Goal of the exercise:
Output, without any change, the listing below from its opening line up to and including the line with "using presequencingD(4)[OF pre".

Task inputs:
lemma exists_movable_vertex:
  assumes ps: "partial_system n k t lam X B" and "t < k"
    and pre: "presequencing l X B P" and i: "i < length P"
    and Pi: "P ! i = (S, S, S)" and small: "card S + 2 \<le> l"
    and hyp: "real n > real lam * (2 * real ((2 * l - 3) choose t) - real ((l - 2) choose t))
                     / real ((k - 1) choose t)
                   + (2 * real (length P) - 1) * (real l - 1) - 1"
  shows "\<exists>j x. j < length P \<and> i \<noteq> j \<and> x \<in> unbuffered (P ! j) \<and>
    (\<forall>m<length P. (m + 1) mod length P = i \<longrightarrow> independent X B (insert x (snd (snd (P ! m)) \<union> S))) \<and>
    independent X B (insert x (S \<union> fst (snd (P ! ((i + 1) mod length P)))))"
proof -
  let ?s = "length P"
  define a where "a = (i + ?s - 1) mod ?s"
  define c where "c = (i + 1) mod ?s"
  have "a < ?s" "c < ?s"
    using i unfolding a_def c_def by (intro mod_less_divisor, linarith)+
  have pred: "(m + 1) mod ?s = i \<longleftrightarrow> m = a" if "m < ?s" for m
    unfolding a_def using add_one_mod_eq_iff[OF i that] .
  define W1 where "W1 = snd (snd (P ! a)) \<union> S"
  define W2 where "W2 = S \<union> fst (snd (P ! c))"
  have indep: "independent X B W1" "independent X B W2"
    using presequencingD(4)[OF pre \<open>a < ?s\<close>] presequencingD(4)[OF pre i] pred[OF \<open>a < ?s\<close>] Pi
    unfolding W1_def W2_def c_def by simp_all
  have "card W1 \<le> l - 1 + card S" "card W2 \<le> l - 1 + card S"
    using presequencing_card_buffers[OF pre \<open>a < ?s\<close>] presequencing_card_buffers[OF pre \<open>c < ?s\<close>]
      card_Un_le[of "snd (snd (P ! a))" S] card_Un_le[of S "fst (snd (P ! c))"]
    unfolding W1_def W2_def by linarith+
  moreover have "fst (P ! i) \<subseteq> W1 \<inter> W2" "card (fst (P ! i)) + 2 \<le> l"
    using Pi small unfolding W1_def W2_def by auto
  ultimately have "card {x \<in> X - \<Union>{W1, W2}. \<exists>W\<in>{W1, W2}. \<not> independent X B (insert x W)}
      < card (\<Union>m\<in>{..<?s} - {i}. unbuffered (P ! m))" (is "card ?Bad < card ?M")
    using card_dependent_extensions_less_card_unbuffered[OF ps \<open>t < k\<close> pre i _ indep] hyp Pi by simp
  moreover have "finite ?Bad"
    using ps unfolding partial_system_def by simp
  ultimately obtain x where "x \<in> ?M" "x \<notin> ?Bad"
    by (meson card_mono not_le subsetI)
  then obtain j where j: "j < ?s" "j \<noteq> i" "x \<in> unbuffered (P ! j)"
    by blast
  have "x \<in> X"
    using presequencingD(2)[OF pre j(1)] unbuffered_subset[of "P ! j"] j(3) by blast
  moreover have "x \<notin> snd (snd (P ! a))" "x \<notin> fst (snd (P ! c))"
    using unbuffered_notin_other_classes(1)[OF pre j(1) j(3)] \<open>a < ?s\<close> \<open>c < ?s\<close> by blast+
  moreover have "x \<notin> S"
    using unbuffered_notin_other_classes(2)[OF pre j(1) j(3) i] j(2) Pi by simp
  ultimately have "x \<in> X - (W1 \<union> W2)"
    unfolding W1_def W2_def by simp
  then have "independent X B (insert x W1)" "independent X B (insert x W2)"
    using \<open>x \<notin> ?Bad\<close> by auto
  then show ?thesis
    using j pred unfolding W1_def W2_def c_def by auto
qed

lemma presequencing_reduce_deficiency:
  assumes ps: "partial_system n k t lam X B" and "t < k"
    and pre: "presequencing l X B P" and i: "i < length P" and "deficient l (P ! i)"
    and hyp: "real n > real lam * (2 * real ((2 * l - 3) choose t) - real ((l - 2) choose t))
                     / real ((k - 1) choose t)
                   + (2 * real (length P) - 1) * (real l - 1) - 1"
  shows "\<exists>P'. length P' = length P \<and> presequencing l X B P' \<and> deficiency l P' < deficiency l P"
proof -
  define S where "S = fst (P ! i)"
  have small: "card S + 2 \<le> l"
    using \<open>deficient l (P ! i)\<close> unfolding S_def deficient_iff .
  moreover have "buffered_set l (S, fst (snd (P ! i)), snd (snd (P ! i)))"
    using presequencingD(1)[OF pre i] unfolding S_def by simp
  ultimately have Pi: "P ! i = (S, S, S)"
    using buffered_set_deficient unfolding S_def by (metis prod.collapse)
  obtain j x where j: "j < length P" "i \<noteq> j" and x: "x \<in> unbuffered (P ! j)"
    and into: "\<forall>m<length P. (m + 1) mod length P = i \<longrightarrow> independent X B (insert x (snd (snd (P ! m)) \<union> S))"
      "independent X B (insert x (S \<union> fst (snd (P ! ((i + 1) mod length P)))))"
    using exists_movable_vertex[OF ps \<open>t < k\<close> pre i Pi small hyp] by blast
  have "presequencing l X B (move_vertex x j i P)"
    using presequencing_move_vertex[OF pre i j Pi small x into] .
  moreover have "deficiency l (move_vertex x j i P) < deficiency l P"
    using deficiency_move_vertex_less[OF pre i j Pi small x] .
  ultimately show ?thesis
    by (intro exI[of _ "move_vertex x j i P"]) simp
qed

Answer for the task:
lemma exists_movable_vertex:
  assumes ps: "partial_system n k t lam X B" and "t < k"
    and pre: "presequencing l X B P" and i: "i < length P"
    and Pi: "P ! i = (S, S, S)" and small: "card S + 2 \<le> l"
    and hyp: "real n > real lam * (2 * real ((2 * l - 3) choose t) - real ((l - 2) choose t))
                     / real ((k - 1) choose t)
                   + (2 * real (length P) - 1) * (real l - 1) - 1"
  shows "\<exists>j x. j < length P \<and> i \<noteq> j \<and> x \<in> unbuffered (P ! j) \<and>
    (\<forall>m<length P. (m + 1) mod length P = i \<longrightarrow> independent X B (insert x (snd (snd (P ! m)) \<union> S))) \<and>
    independent X B (insert x (S \<union> fst (snd (P ! ((i + 1) mod length P)))))"
proof -
  let ?s = "length P"
  define a where "a = (i + ?s - 1) mod ?s"
  define c where "c = (i + 1) mod ?s"
  have "a < ?s" "c < ?s"
    using i unfolding a_def c_def by (intro mod_less_divisor, linarith)+
  have pred: "(m + 1) mod ?s = i \<longleftrightarrow> m = a" if "m < ?s" for m
    unfolding a_def using add_one_mod_eq_iff[OF i that] .
  define W1 where "W1 = snd (snd (P ! a)) \<union> S"
  define W2 where "W2 = S \<union> fst (snd (P ! c))"
  have indep: "independent X B W1" "independent X B W2"
    using presequencingD(4)[OF pre \<open>a < ?s\<close>] presequencingD(4)[OF pre i] pred[OF \<open>a < ?s\<close>] Pi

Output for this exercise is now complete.